Тяжелые дубовые доски заскрипели, и блеснул луч света. Я глубоко вдохнул и вытер пот со лба. Крышка отвалилась, и на секунду мне показалось, что я ослеп. Я сел и закрыл лицо

ладонями.

«Торопись, – сказал Арман. – И ни звука».

«Куда мы идем?» – спросил я.

За пробитой Арманом дырой в кирпичной кладке я увидел длинный пустой коридор и двери, замурованные кирпичами. Мое воображение мгновенно нарисовало ужасающую картину скрывающихся за ними гробов, в которых голодали и заживо гнили вампиры, осужденные на мучительную смерть своими собратьями. Арман тянул меня за собой, не давая опомниться, он повторял: «Ни звука». Мы прокрались вдоль коридора, Арман остановился перед дубовой дверью и потушил лампу. На мгновение все вокруг покрыла непроницаемая тьма, но потом я увидел узкую полоску света под дверью. Арман отворил ее так осторожно, что петли даже не скрипнули, и мы очутились в длинном проходе, ведущем к его келье. Я старался не отставать от него. И вдруг мне открылась страшная правда: он спасал меня, и только. Я попытался остановить его, но он еще сильней потянул меня за собой. Мы выбрались наружу через потайной выход, и я наконец заставил его остановиться. Он посмотрел на меня и покачал головой.
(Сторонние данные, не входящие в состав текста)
(* Under the standing assumptions, the following hold. (9) $\{M^{(1,2)}\}\subseteq\{C^{-1}B^{(1)}A^{-1}\}$; and $\{M^{(1,2)}\}\supseteq\{C^{-1}B^{(1)}A^{-1}\}\Leftrightarrow\{M^{(1,2)}\}=\{C^{-1}B^{(1)}A^{-1}\}\Leftrightarrow r(B)=m$ or $r(B)=n$. (10) $\{M^{(1,2)}\}=\{C^{-1}B^{(1,2)}A^{-1}\}$. (11) $\{M^{(1,2)}\}\cap\{C^{-1}B^{(1,3)}A^{-1}\}\neq\emptyset$; $\{M^{(1,2)}\}\supseteq\{C^{-1}B^{(1,3)}A^{-1}\}\Leftrightarrow r(B)=m$ or $r(B)=n$; $\{M^{(1,2)}\}\subseteq\{C^{-1}B^{(1,3)}A^{-1}\}\Leftrightarrow B=0$ or $r(B)=m$; $\{M^{(1,2)}\}=\{C^{-1}B^{(1,3)}A^{-1}\}\Leftrightarrow r(B)=m$. (12) $\{M^{(1,2)}\}\cap\{C^{-1}B^{(1,4)}A^{-1}\}\neq\emptyset$; $\{M^{(1,2)}\}\supseteq\{C^{-1}B^{(1,4)}A^{-1}\}\Leftrightarrow r(B)=m$ or $r(B)=n$; $\{M^{(1,2)}\}\subseteq\{C^{-1}B^{(1,4)}A^{-1}\}\Leftrightarrow B=0$ or $r(B)=n$; $\{M^{(1,2)}\}=\{C^{-1}B^{(1,4)}A^{-1}\}\Leftrightarrow r(B)=n$. (13) $\{M^{(1,2)}\}\supseteq\{C^{-1}B^{(1,2,3)}A^{-1}\}$; and $\{M^{(1,2)}\}\subseteq\{C^{-1}B^{(1,2,3)}A^{-1}\}\Leftrightarrow\{M^{(1,2)}\}=\{C^{-1}B^{(1,2,3)}A^{-1}\}\Leftrightarrow B=0$ or $r(B)=m$. (14) $\{M^{(1,2)}\}\supseteq\{C^{-1}B^{(1,2,4)}A^{-1}\}$; and $\{M^{(1,2)}\}\subseteq\{C^{-1}B^{(1,2,4)}A^{-1}\}\Leftrightarrow\{M^{(1,2)}\}=\{C^{-1}B^{(1,2,4)}A^{-1}\}\Leftrightarrow B=0$ or $r(B)=n$. (15) $\{M^{(1,2)}\}\cap\{C^{-1}B^{(1,3,4)}A^{-1}\}\neq\emptyset$; $\{M^{(1,2)}\}\supseteq\{C^{-1}B^{(1,3,4)}A^{-1}\}\Leftrightarrow r(B)=m$ or $r(B)=n$; $\{M^{(1,2)}\}\subseteq\{C^{-1}B^{(1,3,4)}A^{-1}\}\Leftrightarrow B=0$ or $r(B)=m=n$; $\{M^{(1,2)}\}=\{C^{-1}B^{(1,3,4)}A^{-1}\}\Leftrightarrow r(B)=m=n$. (16) $C^{-1}B^\dagger A^{-1}\in\{M^{(1,2)}\}$.
   Context: Standing assumptions: $m,n\ge1$; $A\in\mathbb{C}^{m\times m}$ and $C\in\mathbb{C}^{n\times n}$ are nonsingular; $B\in\mathbb{C}^{m\times n}$; $M=ABC$. For a complex matrix $X$, $X^*$ is its conjugate transpose, $r(X)$ its rank and $\mathscr{R}(X)$ its column space. For $X\in\mathbb{C}^{p\times q}$, a matrix $G\in\mathbb{C}^{q\times p}$ is called an $\{i,\ldots,j\}$-generalized inverse of $X$ (written $X^{(i,\ldots,j)}$) if it satisfies the equations numbered $i,\ldots,j$ among the four Penrose equations (i) $XGX=X$, (ii) $GXG=G$, (iii) $(XG)^*=XG$, (iv) $(GX)^*=GX$; $\{X^{(i,\ldots,j)}\}$ denotes the set of all such $G$. The Moore–Penrose inverse $X^\dagger$ is the unique matrix satisfying all four equations. For a type $(k,\ldots,l)$, $\{C^{-1}B^{(k,\ldots,l)}A^{-1}\}:=\{C^{-1}GA^{-1}: G\in\{B^{(k,\ldots,l)}\}\}$. *)

theory Defs
  imports "HOL-Analysis.Analysis"
begin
«Я не могу спасти ее!» – сказал он.

«Неужели ты думаешь, что я могу уйти без нее! Они заперли ее там! – Ужас охватил меня. – Арман, ты должен ее спасти! У тебя нет выбора!»

«Зачем ты так говоришь? – ответил он. – Пойми наконец: у меня нет никакой власти. Они восстанут против меня, и ничто их не остановит. Я не могу ее спасти. И не хочу подвергать тебя бессмысленному риску. Тебе нельзя возвращаться туда».

Наверное, он был прав, но я не хотел ему верить. Мне не на кого было надеяться, кроме Армана, но я ничего не боялся. Знал только одно: я должен спасти Клодию или погибнуть. Речь не шла о смелости или трусости: просто я должен был это сделать, вот и все. И я знал в глубине души: Арман не станет меня останавливать. Он пойдет со мной.

И оказался прав. Я повернулся и шагнул в коридор, и он пошел следом. Мы молча направились к лестнице, ведущей в зал. Я слышал голоса вампиров, грохот экипажей, шум театра над головой. Я взбежал вверх по лестнице. Селеста стояла в дверях зала с театральной маской в руках. Она смотрела прямо на меня, но как будто мимо, спокойно и безразлично.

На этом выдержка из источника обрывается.